A hidden Markov model (HMM) with $N_s$ states is defined by the following parameters:

  • Initial state probability vector: $\mathbf{a} = [a_{1},\dots,a_{N_s}]^\intercal$ where the $j$-th element gives the initial probability of being at state $s_t = j$ at time $t=0$. Summing the elements of the vector gives 1.

  • Transition matrix: $\mathbf{A} \in \mathbb{R}^{N_s \times N_s}$ where the element $a_{j,i}=p(s_t=j|s_{t-1}=i)$ indicates the probability of going from state $s_{t-1} = i$ to state $s_t = j$. Requires to satisfy $\sum_{j=1}^{N_s} a_{j,i} = 1$ for all $j= 1 \dots N_s$ i.e. the elements of the rows of $\mathbf{A}$ must sum to 1.
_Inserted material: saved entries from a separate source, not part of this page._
lemma strongly_convex_attains_min:
  fixes \<phi> :: "'b::euclidean_space \<Rightarrow> real"
  assumes sc: "strongly_convex \<mu> \<phi>" and d: "(\<phi> has_derivative D) (at y1)"
    and cont: "continuous_on UNIV \<phi>" and S: "closed S" "y1 \<in> S"
  obtains y where "y \<in> S" "\<forall>y'\<in>S. \<phi> y \<le> \<phi> y'"
proof -
  have mu: "\<mu> > 0" using strongly_convex_pos[OF sc] .
  define c where "c = (\<Sum>b\<in>Basis. D b *\<^sub>R b)"
  have Dc: "D v = c \<bullet> v" for v
    unfolding c_def by (rule linear_eq_inner_gradient[OF has_derivative_linear[OF d]])
  define R where "R = 2 * norm c / \<mu>"
  define K where "K = S \<inter> cball y1 R"
  have "compact K" unfolding K_def using S(1) by (intro closed_Int_compact) auto
  moreover have "y1 \<in> K" unfolding K_def R_def using S mu by auto
  ultimately obtain y where y: "y \<in> K" "\<forall>y'\<in>K. \<phi> y \<le> \<phi> y'"
    using continuous_attains_inf[OF _ _ continuous_on_subset[OF cont]] by blast
  have "\<phi> y \<le> \<phi> y'" if y': "y' \<in> S" for y'
  proof (cases "y' \<in> K")
    case False
    define r where "r = norm (y' - y1)"
    have r: "r > R" using False y' unfolding K_def r_def by (auto simp: dist_norm norm_minus_commute)
    then have "r > 0" using mu unfolding R_def by (smt (verit) divide_nonneg_pos norm_ge_zero)
    moreover have "\<mu> / 2 * r > norm c" using r mu unfolding R_def by (simp add: field_simps)
    ultimately have "\<mu> / 2 * r\<^sup>2 - norm c * r > 0" by (simp add: power2_eq_square algebra_simps)
    moreover have "\<phi> y1 + c \<bullet> (y' - y1) + \<mu> / 2 * r\<^sup>2 \<le> \<phi> y'"
      using strongly_convex_ge_quadratic[OF sc d, of y'] unfolding r_def
      by (simp add: Dc power2_norm_eq_inner)
    moreover have "c \<bullet> (y' - y1) \<ge> - (norm c * r)"
      unfolding r_def using norm_cauchy_schwarz[of "-c" "y' - y1"] by simp
    moreover have "\<phi> y \<le> \<phi> y1" using y \<open>y1 \<in> K\<close> by auto
    ultimately show ?thesis by linarith
  qed (use y in auto)
  then show ?thesis using y(1) that unfolding K_def by auto
qed

lemma strongly_convex_min_unique:
  fixes \<phi> :: "'b::real_normed_vector \<Rightarrow> real"
  assumes sc: "strongly_convex \<mu> \<phi>" and S: "convex S"
    and y: "y \<in> S" "\<forall>z\<in>S. \<phi> y \<le> \<phi> z" and y': "y' \<in> S" "\<forall>z\<in>S. \<phi> y' \<le> \<phi> z"
  shows "y = y'"
proof (rule ccontr)
  assume "y \<noteq> y'"
  then have pos: "\<mu> / 2 * (1/2) * (1 - 1/2) * (norm (y - y'))\<^sup>2 > 0"
    using strongly_convex_pos[OF sc] by simp
  define m where "m = (1/2) *\<^sub>R y + (1 - 1/2) *\<^sub>R y'"
  have "m \<in> S" unfolding m_def using S y(1) y'(1) unfolding convex_def by auto
  then have "\<phi> y \<le> \<phi> m" using y(2) by blast
  moreover have "\<phi> m \<le> (1/2) * \<phi> y + (1 - 1/2) * \<phi> y' - \<mu> / 2 * (1/2) * (1 - 1/2) * (norm (y - y'))\<^sup>2"
    unfolding m_def by (rule strongly_convexD[OF sc]) auto
  moreover have "\<phi> y = \<phi> y'" using y y' by (meson order_antisym)
  ultimately show False using pos by simp
qed
(* Let $\alpha>0$, $A\ge0$, $B>0$, $t>0$, and let $P_n(x,t)$ be the monic polynomials orthogonal on $[0,\infty)$ w.r.t. $w(x,t)=x^\alpha e^{-x}(A+B\theta(x-t))$, with norms $h_n(t)$ and recurrence $zP_n=P_{n+1}+\alpha_nP_n+\beta_nP_{n-1}$, $\beta_n=h_n/h_{n-1}$. Let $R_n(t)=Bt^\alpha e^{-t}\{P_n(t,t)\}^2/h_n(t)$ and $r_n(t)=Bt^\alpha e^{-t}P_n(t,t)P_{n-1}(t,t)/h_{n-1}(t)$. Then for fixed $t$ and $n\ge1$: $$r_n^2=\beta_nR_nR_{n-1},$$ $$(n+r_n)(n+\alpha+r_n)=\beta_n(1-R_n)(1-R_{n-1}),$$ $$\sum_{j=0}^{n-1}R_j+r_n\left[1-\frac{\alpha}{t}-\frac{2(n+r_n)}{t}\right]=\frac{\beta_n}{t}\left[(1-R_n)R_{n-1}+(1-R_{n-1})R_n\right].$$
   Context: $\theta$ is the Heaviside function ($1$ for $x>0$, $0$ otherwise); $P_n(t,t)$ is $P_n(x,t)$ at $x=t$. *)

theory Defs
  imports "HOL-Analysis.Analysis" "HOL-Computational_Algebra.Polynomial"
begin

definition heaviside :: "real \<Rightarrow> real" where
  "heaviside x = (if x > 0 then 1 else 0)"

definition jw :: "real \<Rightarrow> real \<Rightarrow> real \<Rightarrow> real \<Rightarrow> real \<Rightarrow> real" where
  "jw \<alpha> A B t x = x powr \<alpha> * exp (- x) * (A + B * heaviside (x - t))"

definition monic_OP :: "(real \<Rightarrow> real) \<Rightarrow> (nat \<Rightarrow> real poly) \<Rightarrow> bool" where
  "monic_OP w P \<longleftrightarrow>
     (\<forall>n. degree (P n) = n \<and> lead_coeff (P n) = 1) \<and>
     (\<forall>m n. m \<noteq> n \<longrightarrow>
        (\<integral>x\<in>{0..}. poly (P m) x * poly (P n) x * w x \<partial>lborel) = 0)"

definition hnorm :: "(real \<Rightarrow> real) \<Rightarrow> (nat \<Rightarrow> real poly) \<Rightarrow> nat \<Rightarrow> real" where
  "hnorm w P n = (\<integral>x\<in>{0..}. (poly (P n) x)\<^sup>2 * w x \<partial>lborel)"

end

theory Submission
  imports Defs "HOL-Real_Asymp.Real_Asymp"
begin

text \<open>
  The weight x^\<alpha> e^-x (A + B \<theta>(x - t)) satisfies a Pearson-type identity: integrating
  (x^(\<alpha>+1) e^-x f)' against A + B \<theta>(x - t) over [0,\<infinity>) only picks up the jump at t, so
  L((\<alpha>+1) f + x f' - x f) = -B t^\<alpha> e^-t t f(t) for the moment functional L and every polynomial f.
  With f = P_n^2 this gives \<alpha>_n = 2n + 1 + \<alpha> + t R_n; computing \<langle>P_n, x P_(n+1)'\<rangle> once with
  f = P_(n+1) P_n and once from the differentiated three-term recurrence gives
  \<beta>_n - t r_n = \<Sum>_(j<n) \<alpha>_j. Evaluating the recurrence at x = t yields recursions for r_(n+1)
  and \<beta>_(n+1) R_(n+1), from which \<beta>_n (1 - R_n - R_(n-1)) = n(n + \<alpha>) + (2n + \<alpha>) r_n follows by
  induction. With r_n^2 = \<beta>_n R_n R_(n-1), the three identities are algebraic consequences.
\<close>

section \<open>Orthogonal polynomials of a positive definite functional\<close>

locale positive_definite_functional =
  fixes L :: "real poly \<Rightarrow> real"
  assumes L_add: "L (p + q) = L p + L q"
    and L_smult: "L (smult c p) = c * L p"
    and L_square_pos: "q \<noteq> 0 \<Longrightarrow> L (q * q) > 0"
begin

definition ip :: "real poly \<Rightarrow> real poly \<Rightarrow> real" where
  "ip p q = L (p * q)"

lemma L_diff: "L (p - q) = L p - L q"
  using L_add[of "p - q" q] by simp

lemma ip_add_left: "ip (p + q) s = ip p s + ip q s"
  and ip_add_right: "ip s (p + q) = ip s p + ip s q"
  and ip_diff_left: "ip (p - q) s = ip p s - ip q s"
  and ip_diff_right: "ip s (p - q) = ip s p - ip s q"
  and ip_smult_left: "ip (smult c p) s = c * ip p s"
  and ip_smult_right: "ip s (smult c p) = c * ip s p"
  unfolding ip_def by (simp_all add: algebra_simps L_add L_diff L_smult)

lemmas ip_linear = ip_add_left ip_add_right ip_diff_left ip_diff_right ip_smult_left ip_smult_right

lemma ip_commute: "ip p q = ip q p"
  unfolding ip_def by (simp add: mult.commute)

lemma ip_0_left [simp]: "ip 0 q = 0" and ip_0_right [simp]: "ip q 0 = 0"
  using ip_smult_left[of 0 0 q] ip_smult_right[of q 0 0] by simp_all

lemma ip_pCons_0: "ip (pCons 0 p) q = ip p (pCons 0 q)"
  unfolding ip_def by (metis mult_pCons_left mult_pCons_right smult_0_left)

lemma ip_self_pos: "q \<noteq> 0 \<Longrightarrow> ip q q > 0"
  unfolding ip_def by (rule L_square_pos)
lemma fps_dilate_prod: "fps_dilate d (\<Prod>i\<in>S. f i :: 'a::idom fps) = (\<Prod>i\<in>S. fps_dilate d (f i))"
  by (induction S rule: infinite_finite_induct) (simp_all add: fps_dilate_mult)

lemma fps_dilate_inject: "fps_dilate d f = fps_dilate d g \<Longrightarrow> f = g"
proof (rule fps_ext)
  fix n assume "fps_dilate d f = fps_dilate d g"
  then have "fps_dilate d f $ (d * n) = fps_dilate d g $ (d * n)" by simp
  then show "f $ n = g $ n" using d by (simp add: fps_dilate_nth)
qed

lemma fps_eq_below_dilate:
  assumes "fps_eq_below N f g"
  shows "fps_eq_below N (fps_dilate d f) (fps_dilate d g)"
proof -
  have "k div d < N" if "k < N" for k
    using that d by (meson div_le_dividend le_less_trans)
  then show ?thesis using assms by (simp add: fps_eq_below_def fps_dilate_nth)
qed

end

lemma fps_dilate_dilate:
  assumes "0 < a" "0 < b"
  shows "fps_dilate a (fps_dilate b f) = fps_dilate (a * b) f"
proof (rule fps_ext)
  fix n
  show "fps_dilate a (fps_dilate b f) $ n = fps_dilate (a * b) f $ n"
    using assms by (auto simp: fps_dilate_nth mult.commute div_mult2_eq
                        intro: dvd_mult2 dvd_mult_left)
qed

definition fps_neg_var :: "'a::comm_ring_1 fps \<Rightarrow> 'a fps" where
  "fps_neg_var f = f oo - fps_X"

lemma fps_neg_var_nth: "fps_neg_var f $ n = (- 1) ^ n * f $ n"
  by (simp add: fps_neg_var_def fps_compose_uminus')

lemma fps_neg_var_add: "fps_neg_var (f + g) = fps_neg_var f + fps_neg_var g"
  by (rule fps_ext) (simp add: fps_neg_var_nth algebra_simps)

lemma fps_neg_var_diff: "fps_neg_var (f - g) = fps_neg_var f - fps_neg_var g"
  by (rule fps_ext) (simp add: fps_neg_var_nth algebra_simps)

lemma fps_neg_var_1 [simp]: "fps_neg_var 1 = 1"
  by (simp add: fps_neg_var_def)

lemma fps_neg_var_X [simp]: "fps_neg_var fps_X = - fps_X"
  by (simp add: fps_neg_var_def)

lemma fps_neg_var_mult:
  "fps_neg_var (f * g :: 'a::idom fps) = fps_neg_var f * fps_neg_var g"
  unfolding fps_neg_var_def by (rule fps_compose_mult_distrib) simp

lemma fps_neg_var_power: "fps_neg_var (f ^ n :: 'a::idom fps) = fps_neg_var f ^ n"
  by (induction n) (simp_all add: fps_neg_var_mult)

lemma fps_neg_var_prod: "fps_neg_var (\<Prod>i\<in>S. f i :: 'a::idom fps) = (\<Prod>i\<in>S. fps_neg_var (f i))"
  by (induction S rule: infinite_finite_induct) (simp_all add: fps_neg_var_mult)

lemma fps_neg_var_neg_var [simp]: "fps_neg_var (fps_neg_var f) = f"
  by (rule fps_ext) (simp add: fps_neg_var_nth flip: mult.assoc power_mult_distrib)

lemma fps_neg_var_dilate_even: "even d \<Longrightarrow> fps_neg_var (fps_dilate d f) = fps_dilate d f"
  by (rule fps_ext) (auto simp: fps_neg_var_nth fps_dilate_nth dest: dvd_trans)

lemma fps_eq_below_neg_var:
  "fps_eq_below N f g \<Longrightarrow> fps_eq_below N (fps_neg_var f) (fps_neg_var g)"
  by (simp add: fps_eq_below_def fps_neg_var_nth)

definition fps_even_part :: "'a fps \<Rightarrow> 'a fps" where
  "fps_even_part f = Abs_fps (\<lambda>n. f $ (2 * n))"

definition fps_odd_part :: "'a fps \<Rightarrow> 'a fps" where
  "fps_odd_part f = Abs_fps (\<lambda>n. f $ (2 * n + 1))"

lemma fps_even_odd_decomp:
  "f = fps_dilate 2 (fps_even_part f) + fps_X * fps_dilate 2 (fps_odd_part f)"
proof (rule fps_ext)
  fix n
  show "f $ n = (fps_dilate 2 (fps_even_part f) + fps_X * fps_dilate 2 (fps_odd_part f)) $ n"
    by (cases n) (auto simp: fps_dilate_nth fps_even_part_def fps_odd_part_def elim!: oddE)
qed

lemma fps_even_part_decomp: "fps_even_part (fps_dilate 2 f + fps_X * fps_dilate 2 g) = f"
proof (rule fps_ext)
  fix n
  show "fps_even_part (fps_dilate 2 f + fps_X * fps_dilate 2 g) $ n = f $ n"
    by (cases n) (simp_all add: fps_even_part_def fps_dilate_nth)
qed

lemma fps_even_part_dilate_mult:
  "fps_even_part (fps_dilate 2 f * g :: 'a::idom fps) = f * fps_even_part g"
proof -
  have "fps_dilate 2 f * g =
      fps_dilate 2 (f * fps_even_part g) + fps_X * fps_dilate 2 (f * fps_odd_part g)"
    by (subst fps_even_odd_decomp[of g]) (simp add: fps_dilate_mult algebra_simps)
  then show ?thesis by (simp add: fps_even_part_decomp)
qed

section \<open>Infinite products\<close>

definition fps_prod_inf :: "(nat \<Rightarrow> 'a::comm_ring_1 fps) \<Rightarrow> 'a fps" where
  "fps_prod_inf F = Abs_fps (\<lambda>n. (\<Prod>m\<in>{1..n}. F m) $ n)"

lemma fps_prod_inf_eq_below:
  assumes F: "\<And>m. fps_eq_below m (F m) 1"
  shows "fps_eq_below (Suc M) (fps_prod_inf F) (\<Prod>m\<in>{1..M}. F m)"
proof -
  have step: "fps_eq_below (Suc M) (\<Prod>m\<in>{1..M}. F m) (\<Prod>m\<in>{1..Suc M}. F m)" for M
  proof -
    have "fps_eq_below (Suc M) ((\<Prod>m\<in>{1..M}. F m) * 1) ((\<Prod>m\<in>{1..M}. F m) * F (Suc M))"
      by (intro fps_eq_below_mult fps_eq_below_refl fps_eq_below_sym[OF F])
    then show ?thesis by (simp add: prod.nat_ivl_Suc')
  qed
  have "(\<Prod>m\<in>{1..M}. F m) $ k = (\<Prod>m\<in>{1..k}. F m) $ k" if "k \<le> M" for k
    using that
  proof (induction M)
    case (Suc M)
    then show ?case
      using step[of M] by (cases "k = Suc M") (auto simp: fps_eq_below_def)
  qed simp
  then show ?thesis by (simp add: fps_eq_below_def fps_prod_inf_def)
qed

lemma fps_prod_inf_eqI:
  assumes "\<And>m. fps_eq_below m (F m) 1"
    and "\<And>M. fps_eq_below (Suc M) P (\<Prod>m\<in>{1..M}. F m)"
  shows "P = fps_prod_inf F"
proof (rule fps_eqI_below)
  fix M
  show "fps_eq_below (Suc M) P (fps_prod_inf F)"
    using assms(2)[of M] fps_prod_inf_eq_below[OF assms(1), of M]
    by (metis fps_eq_below_sym fps_eq_below_trans)
qed

lemma fps_prod_inf_cong:
  assumes "\<And>m. 1 \<le> m \<Longrightarrow> F m = G m"
  shows "fps_prod_inf F = fps_prod_inf G"
proof -
  have "(\<Prod>m\<in>{1..n}. F m) = (\<Prod>m\<in>{1..n}. G m)" for n
    using assms by (intro prod.cong) simp_all
  then show ?thesis by (simp add: fps_prod_inf_def)
qed

lemma fps_prod_inf_mult:
  assumes F: "\<And>m. fps_eq_below m (F m) 1" and G: "\<And>m. fps_eq_below m (G m) 1"
  shows "fps_prod_inf F * fps_prod_inf G = fps_prod_inf (\<lambda>m. F m * G m)"
proof (rule fps_prod_inf_eqI)
  show "fps_eq_below m (F m * G m) 1" for m
    by (intro fps_eq_below_mult_1 F G)
  show "fps_eq_below (Suc M) (fps_prod_inf F * fps_prod_inf G) (\<Prod>m\<in>{1..M}. F m * G m)" for M
    unfolding prod.distrib by (intro fps_eq_below_mult fps_prod_inf_eq_below F G)
qed
text \<open>
  Let \<open>q\<close> be the density given by assumption (b), so that \<open>lam * f'(q) = - (beta + L)\<close> on the
  support of \<open>Q\<close>.  For any other density \<open>p\<close>, the tangent inequality of the strictly convex
  \<open>f\<close> at \<open>q\<close> gives pointwise
    \<open>(beta + L) * q + lam * f(q) \<le> (beta + L) * p + lam * f(p)\<close>,
  strictly where \<open>p \<noteq> q\<close>.  Integrating against \<open>Q\<close>, the \<open>beta\<close>-terms cancel because both
  densities integrate to \<open>1\<close> (\<open>beta\<close> is the Lagrange multiplier of the normalization), so the
  measure with density \<open>q\<close> minimizes \<open>R_z + lam * D_f\<close>, and every other minimizer has the same
  density \<open>Q\<close>-a.e.  The integrals of \<open>p L\<close> and of the positive part of \<open>f(p)\<close> may be infinite,
  but that of the negative part is finite since \<open>f\<close> lies above an affine function; this is why
  objectives are compared as sums of nonnegative integrals.  Part (ii) follows from (i): if
  \<open>D_f(P||Q) \<le> eta = D_f(P*||Q)\<close> then \<open>R_z(P*) + lam * eta \<le> R_z(P) + lam * D_f(P||Q) \<le> R_z(P) + lam * eta\<close>.
\<close>

lemma strict_convex_on_imp_convex_on:
  assumes "strict_convex_on S f"
  shows "convex_on S f"
proof (rule convex_on_linorderI)
  show "convex S" using assms by (simp add: strict_convex_on_def)
  fix t x y :: real
  assume "0 < t" "t < 1" "x \<in> S" "y \<in> S" "x < y"
  then show "f ((1 - t) *\<^sub>R x + t *\<^sub>R y) \<le> (1 - t) * f x + t * f y"
    using assms unfolding strict_convex_on_def by (smt (verit) real_scaleR_def)
qed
  • Observation probabilities: each state $j=1,\dots,N_s$ is associated for example with a probability density function $b_i(\mathbf{x}_t)$, where $\mathbf{x}_t \in \mathbb{R}^{N_x}$ is a vector of observations at time $t$. For a sequence of $N_t$ observations, $\mathbf{X} = [\mathbf{x}_1 \dots \mathbf{x}_{N_t}]^\intercal$, the operator $B_{\mathcal{W}}: \mathbb{R}^{N_t \times N_x} \rightarrow \mathbb{R}^{N_t \times N_s}$ where $\mathcal{W}$ is a set of parameters, maps the observations to $\mathbf{Y} = [\mathbf{y}_1 \dots \mathbf{y}_{N_t}]^\intercal$, where the element $y_{t,j}=p(\mathbf{x}_t|s_t=j)$ is the likelihood of $\mathbf{x}_t$ for a given state $j$.

Maximum likelihood (ML)

Given the observation $\mathbf{X}$, we would like to obtain a HMM capable of describing this as sequences of states that are directly measurable. Typically a set of $N_d$ observations $\mathcal{D} = \{ \mathbf{X}_1, \dots, \mathbf{X}_{N_d} \}$ is used but we consider only a single one to simplify the notation. The optimal HMM parameters $\mathcal{L}^\star = \{ \mathbf{a}^\star, \mathbf{A}^\star, \mathcal{W}^\star \}$ can be obtained by maximizing the likelihood of the observations. This can be achieved by minimizing the negative logarithm of this likelihood:

\[\text{minimize}_{\mathcal{L}} \{ -\log( p (\mathbf{X}) ) = -\log( \sum_{ \mathbf{s} \in \mathcal{N} } p ( \mathbf{X} | \mathbf{s} ) p ( \mathbf{s} ) ) \},\]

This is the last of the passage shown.